We are well acquainted with the prodigious works accomplished by the Romans, their immense excavations for lakes of water, or the beds of lakes formed by nature, filled up, hills levelled, and a passage bored through a mountain by Vespasian, in the Flaminian way, for more than a thousand feet in length, the inscription on which remains at present. Pausilippo is not to be compared with it.

The foundations of the greater part of our present houses are far from being so solid as were the highways in the neighborhood of Rome; and these public ways were extended throughout the empire, although not upon the same scale of duration and solidity. To effect that would have required more men and money than could possibly have been obtained.

Almost all the highways of Italy were erected on a foundation four feet deep; when a space of marshy ground or bog was on the track of the road, it was filled up; and when any part of it was mountainous, its pretipitousness was reduced to a gentle and trifling inclination from the general line of the road. In many parts, the roads were supported by solid walls.

Upon the four feet of masonry, were placed large hewn stones of marble, nearly one foot in thickness, and frequently ten feet wide; they were indented by the chisel to prevent the slipping of the horses. It was difficult to say which most attracted admiration – the utility or the magnificence of these astonishing works.

Nearly all of these wonderful constructions were raised at the public expense. Cæsar repaired and extended the Appian way out of his own private funds; those funds, however, consisted of the money of the republic.

Who were the persons employed upon these works?
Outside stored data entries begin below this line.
(* Let $\mathcal{H}$ be a finite $k$-uniform hypergraph such that: (i) $\mathcal{H}$ has a vertex $z$ of degree $2$; (ii) $\delta(\mathcal{H} \setminus \{z\}) \geq 3$ and $d_{\mathcal H}(u) \geq 4$ for every $u \in V(\mathcal{H}) \setminus \{z\}$; (iv) for every two edges $e, e' \in E(\mathcal{H})$, every monomorphism $\phi : V(\mathcal{H} \setminus \{e, e'\}) \to V(\mathcal{H})$ is the identity. Then for every edge $e \in E(\mathcal{H})$, every monomorphism $\phi : V(\mathcal{H} \setminus \{e\}) \to V(\mathcal{H})$ is the identity.
   Context: $d_{\mathcal H}(x)$ is the number of edges containing $x$; $\delta$ is minimum degree. $\mathcal{H}\setminus\{z\}$ for a vertex $z$ is obtained by deleting $z$ and all edges containing it. For a set $S$ of edges, $\mathcal{H}\setminus S$ is the hypergraph with edge set $E(\mathcal H)\setminus S$, and $V(\mathcal{H}\setminus S)$ denotes the union of its edges. A monomorphism $\phi: V(\mathcal{F}')\to V(\mathcal{F})$ (for $\mathcal F'\subseteq \mathcal F$) is an injective map such that $\{\phi(a): a\in x\}$ is an edge of $\mathcal F$ for every edge $x$ of $\mathcal F'$; "identity" means $\phi(a)=a$ for all $a$ in the domain. *)

theory Defs
  imports Main
begin

definition uniform_hypergraph :: "'a set \<Rightarrow> 'a set set \<Rightarrow> nat \<Rightarrow> bool" where
  "uniform_hypergraph V E k \<longleftrightarrow> finite V \<and> (\<forall>e\<in>E. e \<subseteq> V \<and> card e = k)"

definition hdeg :: "'a set set \<Rightarrow> 'a \<Rightarrow> nat" where
  "hdeg E x = card {e\<in>E. x \<in> e}"

text \<open>Edges of H minus z (delete z and all edges containing it); its vertex set is V - {z}.\<close>
definition del_vertex_edges :: "'a set set \<Rightarrow> 'a \<Rightarrow> 'a set set" where
  "del_vertex_edges E z = {e\<in>E. z \<notin> e}"

definition min_deg_ge :: "'a set \<Rightarrow> 'a set set \<Rightarrow> nat \<Rightarrow> bool" where
  "min_deg_ge V E d \<longleftrightarrow> (\<forall>u\<in>V. hdeg E u \<ge> d)"

text \<open>Monomorphism from the subhypergraph with edge set F' (vertex set the union of
  its edges) into the hypergraph with edge set F.\<close>
definition monomorphism :: "'a set set \<Rightarrow> 'a set set \<Rightarrow> ('a \<Rightarrow> 'a) \<Rightarrow> bool" where
  "monomorphism F' F \<phi> \<longleftrightarrow> inj_on \<phi> (\<Union>F') \<and> (\<forall>x\<in>F'. \<phi> ` x \<in> F)"

definition is_identity_on :: "'a set \<Rightarrow> ('a \<Rightarrow> 'a) \<Rightarrow> bool" where
  "is_identity_on A \<phi> \<longleftrightarrow> (\<forall>a\<in>A. \<phi> a = a)"

end

theory Submission
  imports Defs
begin

text \<open>A monomorphism of H minus e restricts to one of H minus {e, e'} for every further edge e',
  so by hypothesis it fixes every vertex that still lies in an edge of H minus {e, e'} for some
  e' \<noteq> e.  Every vertex does: a vertex of degree at least 3 has two edges besides e, and the
  degree-2 vertex z lies in two edges, at most one of which is e, while some edge avoids z because
  a neighbour of z has degree greater than 2.\<close>

lemma monomorphism_subset:
  assumes "monomorphism F' F \<phi>" and "F'' \<subseteq> F'"
  shows "monomorphism F'' F \<phi>"
  using assms unfolding monomorphism_def by (meson Sup_subset_mono inj_on_subset subsetD)

lemma identity_if_covered_after_two_deletions:
  assumes "\<forall>e'\<in>E. e \<noteq> e' \<longrightarrow>
             (\<forall>\<psi>. monomorphism (E - {e, e'}) E \<psi> \<longrightarrow> is_identity_on (\<Union>(E - {e, e'})) \<psi>)"
    and "\<forall>a\<in>\<Union>(E - {e}). \<exists>e'\<in>E. e' \<noteq> e \<and> a \<in> \<Union>(E - {e, e'})"
    and "monomorphism (E - {e}) E \<phi>"
  shows "is_identity_on (\<Union>(E - {e})) \<phi>"
  unfolding is_identity_on_def
proof
  fix a assume "a \<in> \<Union>(E - {e})"
  with assms(2) have "\<exists>e'\<in>E. e' \<noteq> e \<and> a \<in> \<Union>(E - {e, e'})" by (rule bspec)
  then obtain e' where "e' \<in> E" "e' \<noteq> e" "a \<in> \<Union>(E - {e, e'})" by blast
  have "E - {e, e'} \<subseteq> E - {e}" by blast
  with assms(3) have "monomorphism (E - {e, e'}) E \<phi>" by (rule monomorphism_subset)
  then have "is_identity_on (\<Union>(E - {e, e'})) \<phi>"
    using assms(1) \<open>e' \<in> E\<close> \<open>e' \<noteq> e\<close> by simp
  then show "\<phi> a = a" using \<open>a \<in> \<Union>(E - {e, e'})\<close> unfolding is_identity_on_def by (rule bspec)
qed

lemma hdeg_le_card:
  assumes "finite E"
  shows "hdeg E u \<le> card E"
  unfolding hdeg_def using assms by (intro card_mono) auto

lemma two_distinct_elements:
  assumes "2 \<le> card A"
  obtains x y where "x \<in> A" "y \<in> A" "x \<noteq> y"
proof -
  from assms obtain x B where "A = insert x B" "x \<notin> B" "1 \<le> card B"
    by (auto simp: card_le_Suc_iff numeral_2_eq_2)
  then obtain y where "y \<in> B" by fastforce
  with \<open>A = insert x B\<close> \<open>x \<notin> B\<close> show ?thesis using that by blast
qed

lemma hdeg_eq_2E:
  assumes "hdeg E a = 2"
  obtains f1 f2 where "f1 \<in> E" "f2 \<in> E" "a \<in> f1" "a \<in> f2" "f1 \<noteq> f2"
proof -
  obtain f1 f2 where "{f\<in>E. a \<in> f} = {f1, f2}" "f1 \<noteq> f2"
    using assms unfolding hdeg_def card_2_iff by blast
  moreover from this(1) have "f1 \<in> E" "f2 \<in> E" "a \<in> f1" "a \<in> f2"
    by (simp_all add: set_eq_iff) metis+
  ultimately show ?thesis using that by blast
qed

lemma covered_after_two_deletions_if_degree_ge_3:
  assumes "finite E" and "3 \<le> hdeg E a"
  shows "\<exists>e'\<in>E. e' \<noteq> e \<and> a \<in> \<Union>(E - {e, e'})"
proof -
  have "2 \<le> card ({f\<in>E. a \<in> f} - {e})"
    using assms unfolding hdeg_def by (auto simp: card_Diff_singleton_if)
  then obtain f g where "f \<in> E" "g \<in> E" "a \<in> f" "a \<in> g" "f \<noteq> e" "g \<noteq> e" "f \<noteq> g"
    by (rule two_distinct_elements) blast
  then show ?thesis by blast
qed

lemma covered_after_two_deletions_if_degree_2:
  assumes "hdeg E a = 2" and "g \<in> E" and "a \<notin> g"
  shows "\<exists>e'\<in>E. e' \<noteq> e \<and> a \<in> \<Union>(E - {e, e'})"
proof -
  obtain f1 f2 where "f1 \<in> E" "f2 \<in> E" "a \<in> f1" "a \<in> f2" "f1 \<noteq> f2"
    using assms(1) by (rule hdeg_eq_2E)
  show ?thesis
  proof (cases "a \<in> e")
    case True
    have "g \<noteq> e" using True assms(3) by blast
    obtain f where "f \<in> {f1, f2}" "f \<noteq> e" using \<open>f1 \<noteq> f2\<close> by blast
    then have "a \<in> \<Union>(E - {e, g})"
      using \<open>f1 \<in> E\<close> \<open>f2 \<in> E\<close> \<open>a \<in> f1\<close> \<open>a \<in> f2\<close> assms(3) by blast
    with \<open>g \<noteq> e\<close> assms(2) show ?thesis by blast
  next
    case False
    then have "f1 \<noteq> e" "f2 \<noteq> e" using \<open>a \<in> f1\<close> \<open>a \<in> f2\<close> by auto
    then have "a \<in> \<Union>(E - {e, f1})" using \<open>f1 \<noteq> f2\<close> \<open>f2 \<in> E\<close> \<open>a \<in> f2\<close> by blast
    with \<open>f1 \<noteq> e\<close> \<open>f1 \<in> E\<close> show ?thesis by blast
  qed
qed

lemma edge_avoiding_degree_2_vertex:
  assumes "finite E" and "hdeg E z = 2" and "\<forall>u\<in>\<Union>E - {z}. 3 \<le> hdeg E u"
  obtains g where "g \<in> E" "z \<notin> g"
proof -
  obtain f1 f2 where "f1 \<in> E" "f2 \<in> E" "z \<in> f1" "z \<in> f2" "f1 \<noteq> f2"
    using assms(2) by (rule hdeg_eq_2E)
  moreover obtain x where "x \<in> f1 \<union> f2" "x \<notin> f1 \<inter> f2" using \<open>f1 \<noteq> f2\<close> by blast
  ultimately obtain u where "u \<in> \<Union>E - {z}" by blast
  with assms(3) have "3 \<le> hdeg E u" by blast
  then have "hdeg E z < card E" using assms(2) hdeg_le_card[OF assms(1), of u] by linarith
  then have "{f\<in>E. z \<in> f} \<noteq> E" unfolding hdeg_def by (metis less_irrefl)
  then show ?thesis using that by blast
qed

lemma covered_after_two_deletions:
  assumes "finite E" and "hdeg E z = 2" and "\<forall>u\<in>\<Union>E - {z}. 3 \<le> hdeg E u"
    and "a \<in> \<Union>E"
  shows "\<exists>e'\<in>E. e' \<noteq> e \<and> a \<in> \<Union>(E - {e, e'})"
proof (cases "a = z")
  case True
  obtain g where "g \<in> E" "z \<notin> g"
    using assms(1-3) by (rule edge_avoiding_degree_2_vertex)
  with True assms(2) have "hdeg E a = 2" and "g \<in> E" and "a \<notin> g" by simp_all
  then show ?thesis by (rule covered_after_two_deletions_if_degree_2)
next
  case False
  with assms(4) have "a \<in> \<Union>E - {z}" by blast
  with assms(3) have "3 \<le> hdeg E a" by (rule bspec)
  with assms(1) show ?thesis by (rule covered_after_two_deletions_if_degree_ge_3)
qed

theorem lemma3p2:
  fixes V :: "'a set" and E :: "'a set set" and k :: nat and z :: 'a
  assumes "uniform_hypergraph V E k"
    and "z \<in> V" and "hdeg E z = 2"
    and "min_deg_ge (V - {z}) (del_vertex_edges E z) 3"
    and "\<forall>u\<in>V - {z}. hdeg E u \<ge> 4"
    and "\<forall>e\<in>E. \<forall>e'\<in>E. e \<noteq> e' \<longrightarrow>
           (\<forall>\<phi>. monomorphism (E - {e, e'}) E \<phi> \<longrightarrow> is_identity_on (\<Union>(E - {e, e'})) \<phi>)"
  shows "\<forall>e\<in>E. \<forall>\<phi>. monomorphism (E - {e}) E \<phi> \<longrightarrow> is_identity_on (\<Union>(E - {e})) \<phi>"
proof (intro ballI allI impI)
  fix e \<phi> assume "e \<in> E" and "monomorphism (E - {e}) E \<phi>"
  have "\<Union>E \<subseteq> V" and "finite V"
    using assms(1) unfolding uniform_hypergraph_def by auto
  then have "E \<subseteq> Pow V" and "finite (Pow V)" by auto
  then have "finite E" by (rule finite_subset)
  have high_degree: "\<forall>u\<in>\<Union>E - {z}. 3 \<le> hdeg E u"
    using assms(5) \<open>\<Union>E \<subseteq> V\<close> by (auto dest!: bspec)
  have "\<forall>a\<in>\<Union>(E - {e}). \<exists>e'\<in>E. e' \<noteq> e \<and> a \<in> \<Union>(E - {e, e'})"
  proof
    fix a assume "a \<in> \<Union>(E - {e})"
    then have "a \<in> \<Union>E" by blast
    with \<open>finite E\<close> assms(3) high_degree show "\<exists>e'\<in>E. e' \<noteq> e \<and> a \<in> \<Union>(E - {e, e'})"
      by (rule covered_after_two_deletions)
  qed
  with bspec[OF assms(6) \<open>e \<in> E\<close>] show "is_identity_on (\<Union>(E - {e})) \<phi>"
    using \<open>monomorphism (E - {e}) E \<phi>\<close> by (rule identity_if_covered_after_two_deletions)
qed

end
Slaves, captives taken in war, and provincials that were not admitted to the distinction of Roman citizens. They worked by "corvée," as they do in France and elsewhere; but some trifling remuneration was allowed them.

Augustus was the first who joined the legions with the people in labors upon the highways of the Gauls, and in Spain and Asia. He penetrated the Alps by the valley which bore his name, and which the Piedmontese and the French corruptly called the "Valley of Aöste." It was previously necessary to bring under subjection all the savage hordes by which these cantons were inhabited. There is still visible, between Great and Little St. Bernard, the triumphal arch erected by the senate in honor of him after this expedition. He again penetrated the Alps on another side leading to Lyons, and thence into the whole of Gaul. The conquered never effected for themselves so much as was effected for them by their conquerors.

The downfall of the Roman Empire was that of all the public works, as also of all orderly police, art, and industry. The great roads disappeared in the Gauls, except some causeways, "chaussées," which the unfortunate Queen Brunehilde kept for a little time in repair. A man could scarcely move on horseback with safety on the ancient celebrated ways, which were now becoming dreadfully broken up, and impeded by masses of stone and mud. It was found necessary to pass over the cultivated fields; the ploughs scarcely effected in a month what they now easily accomplish in a week. The little commerce that remained was limited to a few woollen and linen cloths, and some wretchedly wrought hardwares, which were carried on the backs of mules to the fortifications or prisons called "châteaux" situated in the midst of marshes, or on the tops of mountains covered with snow.